◆ **HOW TO COMPLETE THIS TASK**
Below are the records; output them exactly from the first line through the line with "C m \<longleftrightarrow>", stopping there.

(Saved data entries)
(* Let $(A,B)$ be a $B$-irreducible odd-symmetric non-simple associative superalgebra such that $A_{\bar{0}}$ is a semi-simple associative algebra. Then $A\cong S\oplus P(S^* )$ is the semi-direct product of a simple associative algebra $S$ by $P(S^* )$ by means of $(L^*,R^* )$.
   Context: $\mathbb{K}$ algebraically closed of characteristic zero; finite dimensional associative superalgebras $A=A_{\bar{0}}\oplus A_{\bar{1}}$. An odd-symmetric structure is an odd (i.e. $B(A_{\bar{0}},A_{\bar{0}})=B(A_{\bar{1}},A_{\bar{1}})=\{0\}$), supersymmetric, associative ($B(xy,z)=B(x,yz)$), non-degenerate bilinear form $B$. $(A,B)$ is $B$-irreducible if $A$ contains no non-degenerate graded two-sided ideal other than $\{0\}$ and $A$. For an associative algebra $S$, $P(S^* )$ is the graded space with $P(S^* )_{\bar{0}}=\{0\}$, $P(S^* )_{\bar{1}}=S^*$; the semi-direct product $S\oplus P(S^* )$ has product $(x+f)(y+h)=xy+h\circ R_x+f\circ L_y$ ($L,R$ left/right multiplications in $S$, i.e. $L^*(x)(h)=h\circ R_x$, $R^*(y)(f)=f\circ L_y$) and odd-symmetric form $\widetilde{B}(f,x)=\widetilde{B}(x,f)=f(x)$, $\widetilde{B}(S,S)=\widetilde{B}(P(S^* ),P(S^* ))=\{0\}$. *)

theory Defs
  imports "HOL-Computational_Algebra.Polynomial"
begin

text \<open>Ground field: algebraically closed, characteristic zero (the type class field_char_0
plus the explicit closure condition below).\<close>
definition alg_closed :: "'k::field itself \<Rightarrow> bool" where
  "alg_closed _ \<longleftrightarrow> (\<forall>p :: 'k poly. degree p \<ge> 1 \<longrightarrow> (\<exists>x. poly p x = 0))"

definition fin_dim_vs :: "('k::field \<Rightarrow> 'a::ab_group_add \<Rightarrow> 'a) \<Rightarrow> bool" where
  "fin_dim_vs sc \<longleftrightarrow> vector_space sc \<and> (\<exists>G. finite G \<and> module.span sc G = UNIV)"

definition bilinear_on :: "('k::field \<Rightarrow> 'a::ab_group_add \<Rightarrow> 'a) \<Rightarrow> 'a set \<Rightarrow> ('a \<Rightarrow> 'a \<Rightarrow> 'a) \<Rightarrow> bool" where
  "bilinear_on sc C m \<longleftrightarrow>
     (\<forall>x\<in>C. \<forall>y\<in>C. \<forall>z\<in>C. m (x + y) z = m x z + m y z \<and> m x (y + z) = m x y + m x z) \<and>
     (\<forall>c. \<forall>x\<in>C. \<forall>y\<in>C. m (sc c x) y = sc c (m x y) \<and> m x (sc c y) = sc c (m x y))"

◆ **FINAL ANSWER**
(* Let $(A,B)$ be a $B$-irreducible odd-symmetric non-simple associative superalgebra such that $A_{\bar{0}}$ is a semi-simple associative algebra. Then $A\cong S\oplus P(S^* )$ is the semi-direct product of a simple associative algebra $S$ by $P(S^* )$ by means of $(L^*,R^* )$.
   Context: $\mathbb{K}$ algebraically closed of characteristic zero; finite dimensional associative superalgebras $A=A_{\bar{0}}\oplus A_{\bar{1}}$. An odd-symmetric structure is an odd (i.e. $B(A_{\bar{0}},A_{\bar{0}})=B(A_{\bar{1}},A_{\bar{1}})=\{0\}$), supersymmetric, associative ($B(xy,z)=B(x,yz)$), non-degenerate bilinear form $B$. $(A,B)$ is $B$-irreducible if $A$ contains no non-degenerate graded two-sided ideal other than $\{0\}$ and $A$. For an associative algebra $S$, $P(S^* )$ is the graded space with $P(S^* )_{\bar{0}}=\{0\}$, $P(S^* )_{\bar{1}}=S^*$; the semi-direct product $S\oplus P(S^* )$ has product $(x+f)(y+h)=xy+h\circ R_x+f\circ L_y$ ($L,R$ left/right multiplications in $S$, i.e. $L^*(x)(h)=h\circ R_x$, $R^*(y)(f)=f\circ L_y$) and odd-symmetric form $\widetilde{B}(f,x)=\widetilde{B}(x,f)=f(x)$, $\widetilde{B}(S,S)=\widetilde{B}(P(S^* ),P(S^* ))=\{0\}$. *)

theory Defs
  imports "HOL-Computational_Algebra.Polynomial"
begin

text \<open>Ground field: algebraically closed, characteristic zero (the type class field_char_0
plus the explicit closure condition below).\<close>
definition alg_closed :: "'k::field itself \<Rightarrow> bool" where
  "alg_closed _ \<longleftrightarrow> (\<forall>p :: 'k poly. degree p \<ge> 1 \<longrightarrow> (\<exists>x. poly p x = 0))"

definition fin_dim_vs :: "('k::field \<Rightarrow> 'a::ab_group_add \<Rightarrow> 'a) \<Rightarrow> bool" where
  "fin_dim_vs sc \<longleftrightarrow> vector_space sc \<and> (\<exists>G. finite G \<and> module.span sc G = UNIV)"

definition bilinear_on :: "('k::field \<Rightarrow> 'a::ab_group_add \<Rightarrow> 'a) \<Rightarrow> 'a set \<Rightarrow> ('a \<Rightarrow> 'a \<Rightarrow> 'a) \<Rightarrow> bool" where
  "bilinear_on sc C m \<longleftrightarrow>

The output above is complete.